JM. Isto quer dizer que uma pessoa pode realmente criar personagens, heróis, devido a traumas de infância?

Resp. Todos, de nossa idade (risos) conhecemos o juramento da caveira contra a pirataria… A lenda do Fantasma. Na verdade, muitos profissionais nasceram de traumas… Lembro-me de ter lido sobre uma médica que fez a escolha da carreira ao ver um parente tendo um infarto. No caso do DDI os estados de ego criados também servem para tentar organizar a sobrevivência ao trauma porém não são tão sublimados e sublimes e por isto causam uma desorganização na personalidade da pessoa.

JM. Li que Carl Jung conversava com uma pedra quando era criança…

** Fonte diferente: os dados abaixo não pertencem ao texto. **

(* Let $c_v>\frac12$, let $\varrho_\pm,p_\pm>0$, $v_\pm\in\mathbb{R}$ be Riemann data (for the one-dimensional full Euler system in the variable $x_2$, with states $(\varrho_-,v_-,p_-)$ for $x_2<0$ and $(\varrho_+,v_+,p_+)$ for $x_2>0$) whose 1D Riemann solution consists of a 1-shock, possibly a 2-contact discontinuity, and a 3-shock, with intermediate states $(\varrho_{M-},v_M,p_M)$, $(\varrho_{M+},v_M,p_M)$ and shock speeds $\sigma_-,\sigma_+$, and assume $v_M=0$. Define for $\varepsilon\in\mathbb{R}$ $A(\varepsilon)=\varrho_-(\varrho_{M-}+\varepsilon)(\varrho_{M+}-\varepsilon-\varrho_+)-\varrho_+(\varrho_{M+}-\varepsilon)(\varrho_{M-}+\varepsilon-\varrho_-)$, $B(\varepsilon)=\varrho_-\varrho_+(\varrho_{M-}+\varepsilon)(\varrho_{M+}-\varepsilon)(v_--v_+)^2-(p_--p_+)A(\varepsilon)$, $D(\varepsilon)=v_-\varrho_-(\varrho_{M-}+\varepsilon)(\varrho_{M+}-\varepsilon-\varrho_+)-v_+\varrho_+(\varrho_{M+}-\varepsilon)(\varrho_{M-}+\varepsilon-\varrho_-)$, let $\varepsilon_{\max}>0$ be such that $A(\varepsilon)\ne0$, $B(\varepsilon)>0$, $\varrho_{M+}-\varepsilon-\varrho_+>0$ and $\varrho_{M-}+\varepsilon-\varrho_->0$ for all $\varepsilon\in(0,\varepsilon_{\max}]$, and for $\varepsilon\in(0,\varepsilon_{\max}]$ define $\mu_0(\varepsilon)=\frac{1}{A(\varepsilon)}\Big[D(\varepsilon)+\varrho_-\varrho_+(\varrho_{M+}-\varepsilon)(v_--v_+)-\sqrt{(\varrho_{M-}+\varepsilon)^2\frac{\varrho_{M+}-\varepsilon-\varrho_+}{\varrho_{M-}+\varepsilon-\varrho_-}B(\varepsilon)}\Big]$, $\mu_1(\varepsilon)=\frac{1}{A(\varepsilon)}\Big[D(\varepsilon)-\sqrt{(\varrho_{M-}+\varepsilon-\varrho_-)(\varrho_{M+}-\varepsilon-\varrho_+)B(\varepsilon)}\Big]$, $\mu_2(\varepsilon)=\frac{1}{A(\varepsilon)}\Big[D(\varepsilon)+\varrho_-\varrho_+(\varrho_{M-}+\varepsilon)(v_--v_+)-\sqrt{(\varrho_{M+}-\varepsilon)^2\frac{\varrho_{M-}+\varepsilon-\varrho_-}{\varrho_{M+}-\varepsilon-\varrho_+}B(\varepsilon)}\Big]$. Then $\lim_{\varepsilon\to0}\mu_0(\varepsilon)=\sigma_-$, $\lim_{\varepsilon\to0}\mu_1(\varepsilon)=v_M$ and $\lim_{\varepsilon\to0}\mu_2(\varepsilon)=\sigma_+$.
   Context: The one-dimensional full Euler system for an ideal gas is $\partial_t\varrho+\partial_2(\varrho v)=0$, $\partial_t(\varrho v)+\partial_2(\varrho v^2+p)=0$, $\partial_t(\frac12\varrho v^2+c_vp)+\partial_2[(\frac12\varrho v^2+(c_v+1)p)v]=0$. The 1D Riemann solution is its unique self-similar BV solution with the given Riemann data, consisting of a 1-wave, a (possibly absent) 2-contact discontinuity traveling with speed $v_M$, and a 3-wave, separated by constant states. In the case considered the 1-wave is an admissible shock connecting $(\varrho_-,v_-,p_-)$ to $(\varrho_{M-},v_M,p_M)$ with speed $\sigma_-$, and the 3-wave an admissible shock connecting $(\varrho_{M+},v_M,p_M)$ to $(\varrho_+,v_+,p_+)$ with speed $\sigma_+$; the Rankine–Hugoniot conditions hold, in particular $\sigma_\pm(\varrho_\pm-\varrho_{M\pm})=\varrho_\pm v_\pm-\varrho_{M\pm}v_M$. It is known that $p_M>\max\{p_-,p_+\}$, $\varrho_{M\pm}>\varrho_\pm$. The paper shows such an $\varepsilon_{\max}$ exists. *)

theory Defs
  imports Complex_Main
begin

definition energy :: "real \<Rightarrow> real \<Rightarrow> real \<Rightarrow> real \<Rightarrow> real" where
  "energy cv rho v p = rho * v^2 / 2 + cv * p"

text \<open>Sound speed, with adiabatic exponent gamma = (c_v + 1)/c_v.\<close>
definition sound_speed :: "real \<Rightarrow> real \<Rightarrow> real \<Rightarrow> real" where
  "sound_speed cv rho p = sqrt (((cv + 1) / cv) * p / rho)"

definition RH :: "real \<Rightarrow> real \<Rightarrow> real \<Rightarrow> real \<Rightarrow> real \<Rightarrow> real \<Rightarrow> real \<Rightarrow> real \<Rightarrow> bool" where
  "RH cv s rL vL pL rR vR pR \<longleftrightarrow>
     s * (rL - rR) = rL * vL - rR * vR \<and>
     s * (rL * vL - rR * vR) = (rL * vL^2 + pL) - (rR * vR^2 + pR) \<and>
     s * (energy cv rL vL pL - energy cv rR vR pR)
       = (energy cv rL vL pL + pL) * vL - (energy cv rR vR pR + pR) * vR"

definition adm_1shock :: "real \<Rightarrow> real \<Rightarrow> real \<Rightarrow> real \<Rightarrow> real \<Rightarrow> real \<Rightarrow> real \<Rightarrow> real \<Rightarrow> bool" where
  "adm_1shock cv s rL vL pL rR vR pR \<longleftrightarrow> RH cv s rL vL pL rR vR pR \<and>
     vR - sound_speed cv rR pR < s \<and> s < vL - sound_speed cv rL pL"

definition adm_3shock :: "real \<Rightarrow> real \<Rightarrow> real \<Rightarrow> real \<Rightarrow> real \<Rightarrow> real \<Rightarrow> real \<Rightarrow> real \<Rightarrow> bool" where
  "adm_3shock cv s rL vL pL rR vR pR \<longleftrightarrow> RH cv s rL vL pL rR vR pR \<and>
     vR + sound_speed cv rR pR < s \<and> s < vL + sound_speed cv rL pL"

definition Afun :: "real \<Rightarrow> real \<Rightarrow> real \<Rightarrow> real \<Rightarrow> real \<Rightarrow> real" where
  "Afun rm rp rMm rMp e =
     rm * (rMm + e) * (rMp - e - rp) - rp * (rMp - e) * (rMm + e - rm)"

definition Bfun :: "real \<Rightarrow> real \<Rightarrow> real \<Rightarrow> real \<Rightarrow> real \<Rightarrow> real \<Rightarrow> real \<Rightarrow> real \<Rightarrow> real \<Rightarrow> real" where
  "Bfun rm vm pm rp vp pp rMm rMp e =
     rm * rp * (rMm + e) * (rMp - e) * (vm - vp)^2 - (pm - pp) * Afun rm rp rMm rMp e"

definition Dfun :: "real \<Rightarrow> real \<Rightarrow> real \<Rightarrow> real \<Rightarrow> real \<Rightarrow> real \<Rightarrow> real \<Rightarrow> real" where
  "Dfun rm vm rp vp rMm rMp e =
     vm * rm * (rMm + e) * (rMp - e - rp) - vp * rp * (rMp - e) * (rMm + e - rm)"

definition mu0 :: "real \<Rightarrow> real \<Rightarrow> real \<Rightarrow> real \<Rightarrow> real \<Rightarrow> real \<Rightarrow> real \<Rightarrow> real \<Rightarrow> real \<Rightarrow> real" where
  "mu0 rm vm pm rp vp pp rMm rMp e =
     (Dfun rm vm rp vp rMm rMp e + rm * rp * (rMp - e) * (vm - vp)
      - sqrt ((rMm + e)^2 * ((rMp - e - rp) / (rMm + e - rm)) * Bfun rm vm pm rp vp pp rMm rMp e))
     / Afun rm rp rMm rMp e"

definition mu1 :: "real \<Rightarrow> real \<Rightarrow> real \<Rightarrow> real \<Rightarrow> real \<Rightarrow> real \<Rightarrow> real \<Rightarrow> real \<Rightarrow> real \<Rightarrow> real" where
  "mu1 rm vm pm rp vp pp rMm rMp e =
     (Dfun rm vm rp vp rMm rMp e
      - sqrt ((rMm + e - rm) * (rMp - e - rp) * Bfun rm vm pm rp vp pp rMm rMp e))
     / Afun rm rp rMm rMp e"

definition mu2 :: "real \<Rightarrow> real \<Rightarrow> real \<Rightarrow> real \<Rightarrow> real \<Rightarrow> real \<Rightarrow> real \<Rightarrow> real \<Rightarrow> real \<Rightarrow> real" where
  "mu2 rm vm pm rp vp pp rMm rMp e =
     (Dfun rm vm rp vp rMm rMp e + rm * rp * (rMm + e) * (vm - vp)
      - sqrt ((rMp - e)^2 * ((rMm + e - rm) / (rMp - e - rp)) * Bfun rm vm pm rp vp pp rMm rMp e))
     / Afun rm rp rMm rMp e"

end

theory Submission
  imports Defs
begin

(* Each mu_i(e) is the root (N_i - sqrt (N_i^2 - A Q_i)) / A of a quadratic
   A mu^2 - 2 N_i mu + Q_i whose coefficients are continuous at e = 0: the radicands in the
   definitions of mu_i are exactly the discriminants N_i^2 - A Q_i.  Rationalised, the root is
   Q_i / (N_i + sqrt (N_i^2 - A Q_i)), which depends continuously on the coefficients as long as
   N_i > 0, even where A vanishes (and A(0) may well vanish).  Hence mu_i tends to the root x of
   the limiting quadratic with N_i(0) - A(0) x > 0.  For v_M = 0 the Rankine-Hugoniot conditions
   express v_-, p_-, v_+, p_+ through sigma_- and sigma_+, and then sigma_-, 0 and sigma_+ turn
   out to be these roots for i = 0, 1, 2. *)

lemma tendsto_quadratic_root:
  fixes A N Q :: "'a \<Rightarrow> real"
  assumes A: "(A \<longlongrightarrow> a) F" and N: "(N \<longlongrightarrow> n) F" and Q: "(Q \<longlongrightarrow> q) F"
    and ev: "\<forall>\<^sub>F t in F. A t \<noteq> 0 \<and> N t ^ 2 - A t * Q t \<ge> 0"
    and root: "a * x^2 - 2 * n * x + q = 0" and pos: "n - a * x > 0" "n > 0"
  shows "((\<lambda>t. (N t - sqrt (N t ^ 2 - A t * Q t)) / A t) \<longlongrightarrow> x) F"
proof -
  have q: "q = x * (2 * n - a * x)"
    using root by (simp add: power2_eq_square algebra_simps)
  have "((\<lambda>t. N t ^ 2 - A t * Q t) \<longlongrightarrow> n^2 - a * q) F"
    by (intro tendsto_intros A N Q)
  also have "n^2 - a * q = (n - a * x)^2"
    unfolding q by (simp add: power2_eq_square algebra_simps)
  finally have "((\<lambda>t. sqrt (N t ^ 2 - A t * Q t)) \<longlongrightarrow> n - a * x) F"
    using tendsto_real_sqrt pos(1) by fastforce
  then have conj: "((\<lambda>t. N t + sqrt (N t ^ 2 - A t * Q t)) \<longlongrightarrow> 2 * n - a * x) F"
    using tendsto_add[OF N] by fastforce
  have "((\<lambda>t. Q t / (N t + sqrt (N t ^ 2 - A t * Q t))) \<longlongrightarrow> x) F"
    using tendsto_divide[OF Q conj] pos q by simp
  moreover have "\<forall>\<^sub>F t in F. N t + sqrt (N t ^ 2 - A t * Q t) > 0"
    using order_tendstoD(1)[OF conj] pos by simp
  with ev have "\<forall>\<^sub>F t in F.
      Q t / (N t + sqrt (N t ^ 2 - A t * Q t)) = (N t - sqrt (N t ^ 2 - A t * Q t)) / A t"
  proof eventually_elim
    case (elim t)
    then have "(N t - sqrt (N t ^ 2 - A t * Q t)) * (N t + sqrt (N t ^ 2 - A t * Q t)) = Q t * A t"
      by (simp add: algebra_simps flip: power2_eq_square)
    with elim show ?case
      by (simp add: frac_eq_eq)
  qed
  ultimately show ?thesis
    by (rule Lim_transform_eventually)
qed

lemma sound_speed_nonneg:
  assumes "cv > 0" "rho > 0" "p > 0"
  shows "sound_speed cv rho p \<ge> 0"
  using assms unfolding sound_speed_def by simp

lemma adm_1shock_into_rest:
  assumes shock: "adm_1shock cv s rL vL pL rR 0 pR"
    and "cv > 0" "rL > 0" "pL > 0" "rR > 0"
  shows "s < 0" "vL = s * (rL - rR) / rL" "pL = pR - s^2 * rR * (rR - rL) / rL"
proof -
  from shock have mass: "s * (rL - rR) = rL * vL"
    and momentum: "s * (rL * vL) = rL * vL^2 + pL - pR"
    and "s < vL - sound_speed cv rL pL"
    unfolding adm_1shock_def RH_def by auto
  moreover have "sound_speed cv rL pL \<ge> 0"
    using assms(2-4) by (rule sound_speed_nonneg)
  ultimately have "rL * s < rL * vL"
    using \<open>rL > 0\<close> by simp
  with mass have "s * rR < 0"
    by (simp add: algebra_simps)
  with \<open>rR > 0\<close> show "s < 0"
    by (simp add: mult_less_0_iff)
  show vL: "vL = s * (rL - rR) / rL"
    using mass \<open>rL > 0\<close> by (simp add: field_simps)
  have "pL = pR + rL * vL * (s - vL)"
    using momentum by (simp add: algebra_simps power2_eq_square)
  also have "\<dots> = pR - s^2 * rR * (rR - rL) / rL"
    using \<open>rL > 0\<close> unfolding vL by (simp add: field_simps power2_eq_square)
  finally show "pL = pR - s^2 * rR * (rR - rL) / rL" .
qed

Resp. C. G. Jung, como várias crianças, construía personagens e diálogos e disto advinha sua criatividade e, acredito, sua capacidade de empatia, assim como a de todos nós. Ou seja, creio que a empatia vem, deste exercício de associar-se / dissociar-se. Os pseudônimos e heterônimos vêm deste processo de associação / dissociação. Muitos escritores usam este recurso, por exemplo, Fernando Pessoa era mestre neste tipo de processo, e não podemos esquecer da história Meu pé de Laranja Lima.

Na literatura há o clássico “O médico e o monstro”…

JM. Ah! Mr. Jekyll & Mr. Hide !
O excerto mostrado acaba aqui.